Being a found-footage film, ‘V/H/S’ doesn’t have an original score, but with the film’s visuals leaning heavily into glitch and static effects, the sound design backs-up these effects with a distorted soundscape, adding tension to a number of scenes. And although the film only features one licensed song, that being: ‘They Come to Get Us,’ it does fit well over the film’s end credits.

But ‘V/H/S’ doesn’t escape the most common issue of anthologies, as there is certainly a noticeable shift in quality between its segments. As while I thoroughly enjoy the previously mentioned: ‘Amateur Night,’ the second and third story titled: ‘Second Honeymoon’ and ‘Tuesday the 17th’ respectively, are a drastic downgrade, with the first being an incredibly dull slow-burn thriller, and the second being nothing but a cringy retelling of a ‘Friday the 13th’ film as the title implies, neither of which are very memorable or creative, and feel like a chore to get through. However, these lacklustre segments are redeemed by the last two stories, as both ‘The Sick Thing That Happened to Emily When She Was Younger’ and ’10/31/98′ do implement some more inventive ideas even if they aren’t flawless in execution.
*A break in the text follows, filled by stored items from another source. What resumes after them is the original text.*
fun movable :: "'a \<times> bool \<Rightarrow> ('a \<times> bool) list \<Rightarrow> bool" where
  "movable a [] = False"
| "movable a (x # xs) = (x = a \<or> ((fst x, fst a) \<in> ind \<and> movable a xs))"

lemma movable_to_front: "movable a w \<Longrightarrow> comm_eq w (a # remove1 a w)"
proof (induction w)
  case (Cons x xs)
  show ?case
  proof (cases "x = a")
    case False
    with Cons.prems have xa: "(fst x, fst a) \<in> ind" and "movable a xs" by auto
    then have "comm_eq (x # xs) (x # a # remove1 a xs)" using Cons.IH by (blast intro: comm_eq_Cons)
    also have "comm_eq \<dots> (a # x # remove1 a xs)" using xa by (rule comm_eq_swap_front)
    finally show ?thesis using False by simp
  qed simp
qed simp

lemma movable_swap:
  assumes "(fst b, fst c) \<in> ind"
  shows "(movable a (xs @ b # c # ys) \<longleftrightarrow> movable a (xs @ c # b # ys)) \<and>
    (movable a (xs @ b # c # ys) \<longrightarrow>
       comm_eq (remove1 a (xs @ b # c # ys)) (remove1 a (xs @ c # b # ys)))"
proof (induction xs)
  case Nil
  then show ?case using assms ind_sym[OF assms] by (auto intro: comm_eq_swap_front)
next
  case (Cons x xs)
  then show ?case using assms by (auto intro: comm_eq_Cons comm_eq_swap)
qed

lemma movable_comm_eq:
  assumes "comm_eq u v"
  shows "(movable a u \<longleftrightarrow> movable a v) \<and> (movable a u \<longrightarrow> comm_eq (remove1 a u) (remove1 a v))"
  using assms
proof (induction rule: rtranclp_induct)
  case (step v w)
  from step(2) obtain xs b c ys where "v = xs @ b # c # ys" "w = xs @ c # b # ys" "(fst b, fst c) \<in> ind"
    by (cases rule: swap_step.cases) auto
  then show ?case using step(3) movable_swap[of b c a xs ys] by (auto intro: comm_eq_trans)
qed simp

lemma comm_eq_cancel_head: "comm_eq (a # u) (a # v) \<Longrightarrow> comm_eq u v"
  using movable_comm_eq[of "a # u" "a # v" a] by simp

lemma comm_eq_distinct_heads:
  assumes "comm_eq (a # u) (b # v)" "a \<noteq> b"
  shows "(fst a, fst b) \<in> ind \<and> comm_eq u (b # remove1 b u) \<and> comm_eq v (a # remove1 b u)"
proof -
  have inv: "(movable b (a # u) \<longleftrightarrow> movable b (b # v)) \<and>
      (movable b (a # u) \<longrightarrow> comm_eq (remove1 b (a # u)) (remove1 b (b # v)))"
    by (rule movable_comm_eq[OF assms(1)])
  then have "movable b (a # u)" by simp
  then have "(fst a, fst b) \<in> ind" "movable b u" using assms(2) by auto
  moreover have "comm_eq v (a # remove1 b u)"
    using inv \<open>movable b (a # u)\<close> assms(2) by (auto intro: comm_eq_sym)
  ultimately show ?thesis using movable_to_front by blast
qed

definition starts_with :: "('a \<times> bool) list \<Rightarrow> 'a \<times> bool \<Rightarrow> bool" where
  "starts_with w l \<longleftrightarrow> (\<exists>v. comm_eq w (l # v))"

lemma starts_with_cong: "comm_eq w w' \<Longrightarrow> starts_with w l \<longleftrightarrow> starts_with w' l"
  unfolding starts_with_def by (meson comm_eq_sym comm_eq_trans)

lemma starts_with_Cons:
  assumes "starts_with z b" "(fst x, fst b) \<in> ind"
  shows "starts_with (x # z) b"
proof -
  obtain v where "comm_eq z (b # v)" using assms(1) by (auto simp: starts_with_def)
  then have "comm_eq (x # z) (x # b # v)" by (rule comm_eq_Cons)
  also have "comm_eq \<dots> (b # x # v)" using assms(2) by (rule comm_eq_swap_front)
  finally show ?thesis by (auto simp: starts_with_def)
qed

lemma starts_with_other_head:
  assumes "starts_with (a # c) l" "l \<noteq> a"
  shows "starts_with c l"
proof -
  obtain v where "comm_eq (a # c) (l # v)" using assms(1) by (auto simp: starts_with_def)
  then show ?thesis using comm_eq_distinct_heads[of a c l v] assms(2)
    by (auto simp: starts_with_def)
qed

definition reduced :: "('a \<times> bool) list \<Rightarrow> bool" where
  "reduced w \<longleftrightarrow> (\<forall>w' xs ys l. comm_eq w w' \<longrightarrow> w' \<noteq> xs @ [l, letter_inv l] @ ys)"

lemma reducedD: "reduced w \<Longrightarrow> comm_eq w (xs @ [l, letter_inv l] @ ys) \<Longrightarrow> False"
  unfolding reduced_def by blast

lemma reduced_Nil: "reduced []"
  unfolding reduced_def using comm_eq_length[of "[]"] by fastforce

lemma reduced_cong: "comm_eq w w' \<Longrightarrow> reduced w \<Longrightarrow> reduced w'"
  unfolding reduced_def by (blast intro: comm_eq_trans)

lemma reduced_tail: "reduced (a # w) \<Longrightarrow> reduced w"
  unfolding reduced_def by (metis append_Cons comm_eq_Cons)

lemma no_cancellation_at_front:
  assumes r: "reduced w" and ns: "\<not> starts_with w (letter_inv a)"
    and c: "comm_eq (a # w) (l # letter_inv l # ys)"
  shows False
proof (cases "l = a")
  case True
  then show False using comm_eq_cancel_head[of a w] c ns by (auto simp: starts_with_def)
next
  case False
  from comm_eq_distinct_heads[OF c] False
  have w1: "comm_eq w (l # remove1 l w)" and w2: "comm_eq (letter_inv l # ys) (a # remove1 l w)"
    by (auto intro: comm_eq_sym)
  show False
  proof (cases "letter_inv l = a")
    case True
    then show False using w1 ns by (auto simp: starts_with_def)
  next
    case False
    from comm_eq_distinct_heads[OF w2 False]
    have "comm_eq (remove1 l w) (letter_inv l # remove1 a ys)" by blast
    then have "comm_eq w (l # letter_inv l # remove1 a ys)"
      using w1 comm_eq_Cons comm_eq_trans by blast
    then show False using reducedD[OF r, of "[]"] by simp
  qed
qed

lemma reduced_Cons:
  assumes "reduced w" "\<not> starts_with w (letter_inv a)"
  shows "reduced (a # w)"
proof -
  have False if "reduced w" "\<not> starts_with w (letter_inv a)"
      "comm_eq (a # w) (xs @ [l, letter_inv l] @ ys)" for xs w l ys
    using that
  proof (induction xs arbitrary: w)
    case Nil
    then show ?case using no_cancellation_at_front by simp
  next
    case (Cons x xs)
    show ?case
    proof (cases "x = a")
      case True
      then show False using Cons.prems comm_eq_cancel_head reducedD by fastforce
    next
      case False
      from comm_eq_distinct_heads[of a w x] Cons.prems(3) False
      have ind: "(fst a, fst x) \<in> ind" and w1: "comm_eq w (x # remove1 x w)"
        and w2: "comm_eq (a # remove1 x w) (xs @ [l, letter_inv l] @ ys)"
        by (auto intro: comm_eq_sym)
      have "reduced (remove1 x w)" using reduced_tail reduced_cong[OF w1] Cons.prems(1) by blast
      moreover have "\<not> starts_with (remove1 x w) (letter_inv a)"
        using starts_with_Cons[of "remove1 x w" "letter_inv a" x] ind_sym[OF ind]
          starts_with_cong[OF w1] Cons.prems(2) by auto
      ultimately show False using Cons.IH w2 by blast
    qed
  qed
  then show ?thesis using assms unfolding reduced_def by blast
qed

section \<open>A normal form for the right-angled Artin group\<close>

definition push :: "'a \<times> bool \<Rightarrow> ('a \<times> bool) list \<Rightarrow> ('a \<times> bool) list" where
  "push l w = (if starts_with w (letter_inv l) then (SOME v. comm_eq w (letter_inv l # v)) else l # w)"

definition normal_form :: "('a \<times> bool) list \<Rightarrow> ('a \<times> bool) list" where
  "normal_form w = foldr push w []"

lemma push_cancels: "starts_with w (letter_inv l) \<Longrightarrow> comm_eq w (letter_inv l # push l w)"
  unfolding push_def starts_with_def by (auto intro: someI)

lemma push_prepends: "\<not> starts_with w (letter_inv l) \<Longrightarrow> push l w = l # w"
  unfolding push_def by simp

lemma push_cong:
  assumes "comm_eq w w'"
  shows "comm_eq (push l w) (push l w')"
proof (cases "starts_with w (letter_inv l)")
  case True
  then have "starts_with w' (letter_inv l)" using starts_with_cong[OF assms] by simp
  then have "comm_eq (letter_inv l # push l w) (letter_inv l # push l w')"
    using push_cancels True assms by (meson comm_eq_sym comm_eq_trans)
  then show ?thesis by (rule comm_eq_cancel_head)
next
  case False
  then have "\<not> starts_with w' (letter_inv l)" using starts_with_cong[OF assms] by simp
  then show ?thesis using False push_prepends comm_eq_Cons assms by metis
qed

lemma foldr_push_cong: "comm_eq w w' \<Longrightarrow> comm_eq (foldr push xs w) (foldr push xs w')"
  by (induction xs) (auto intro: push_cong)

lemma reduced_push: "reduced w \<Longrightarrow> reduced (push l w)"
  by (cases "starts_with w (letter_inv l)")
    (auto dest: push_cancels intro: reduced_tail reduced_cong reduced_Cons simp: push_prepends)

lemma reduced_normal_form: "reduced (normal_form w)"
  unfolding normal_form_def by (induction w) (auto intro: reduced_push reduced_Nil)

lemma push_inverse_pair:
  assumes r: "reduced c"
  shows "comm_eq (push l (push (letter_inv l) c)) c"
proof (cases "starts_with c l")
  case True
  then have c0: "comm_eq c (l # push (letter_inv l) c)" using push_cancels[of c "letter_inv l"] by simp
  have "\<not> starts_with (push (letter_inv l) c) (letter_inv l)"
  proof
    assume "starts_with (push (letter_inv l) c) (letter_inv l)"
    then obtain v where "comm_eq (push (letter_inv l) c) (letter_inv l # v)"
      by (auto simp: starts_with_def)
    then have "comm_eq c (l # letter_inv l # v)" using c0 comm_eq_Cons comm_eq_trans by blast
    then show False using reducedD[OF r, of "[]"] by simp
  qed
  then show ?thesis using push_prepends c0 comm_eq_sym by metis
next
  case False
  then have "push (letter_inv l) c = letter_inv l # c" using push_prepends[of c "letter_inv l"] by simp
  moreover have "comm_eq (letter_inv l # c) (letter_inv l # push l (letter_inv l # c))"
    using push_cancels[of "letter_inv l # c" l] by (auto simp: starts_with_def)
  ultimately show ?thesis using comm_eq_cancel_head comm_eq_sym by metis
qed

lemma push_commute_both_cancel:
  assumes ab: "a \<noteq> b" and i: "(fst a, fst b) \<in> ind"
    and pa: "starts_with c (letter_inv a)" and pb: "starts_with c (letter_inv b)"
  shows "comm_eq (push a (push b c)) (push b (push a c))"
proof -
  have c0: "comm_eq c (letter_inv b # push b c)" and c1: "comm_eq c (letter_inv a # push a c)"
    using push_cancels pa pb by auto
  have e: "comm_eq (letter_inv b # push b c) (letter_inv a # push a c)"
    using c0 c1 comm_eq_sym comm_eq_trans by blast
  have ne: "letter_inv b \<noteq> letter_inv a" using ab by (metis letter_inv_inv)
  have sa: "starts_with (push b c) (letter_inv a)"
    using comm_eq_distinct_heads[OF e ne] by (auto simp: starts_with_def)
  have sb: "starts_with (push a c) (letter_inv b)"
    using comm_eq_distinct_heads[OF comm_eq_sym[OF e] ne[symmetric]] by (auto simp: starts_with_def)
  have "comm_eq c (letter_inv b # letter_inv a # push a (push b c))"
    using c0 comm_eq_Cons[OF push_cancels[OF sa]] by (rule comm_eq_trans)
  moreover have "comm_eq c (letter_inv a # letter_inv b # push b (push a c))"
    using c1 comm_eq_Cons[OF push_cancels[OF sb]] by (rule comm_eq_trans)
  moreover have "comm_eq (letter_inv b # letter_inv a # push a (push b c))
      (letter_inv a # letter_inv b # push a (push b c))"
    using ind_sym[OF i] by (intro comm_eq_swap_front) simp
  ultimately have "comm_eq (letter_inv a # letter_inv b # push a (push b c))
      (letter_inv a # letter_inv b # push b (push a c))"
    using comm_eq_sym comm_eq_trans by blast
  then show ?thesis using comm_eq_cancel_head by blast
qed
Altogether, ‘V/H/S’ has its strengths but also a great deal of weaknesses, having many of its spectacular moments of horror spoilt by weak writing or the restrictions of its anthology structure, making for an occasionally enjoyable but very inconsistent experience. So, while I personally think ‘V/H/S’ is worth at least one viewing for fans of horror anthologies, just bear in mind that the film never quite reaches the same heights as some others including its own sequel. And despite the third entry in the series: ‘V/H/S: Viral’ being an enormous disappointment for me, I’d still love to see the low-budget franchise continue. But with a prequel titled: ‘V/H/S 94’ being brought to the table by young filmmakers in 2019 only to then never be mentioned again, it seems the future of this series is unforeseeable, even if the first two films are sure-fire candidates for obtaining a cult status. Final Rating: low 6/10.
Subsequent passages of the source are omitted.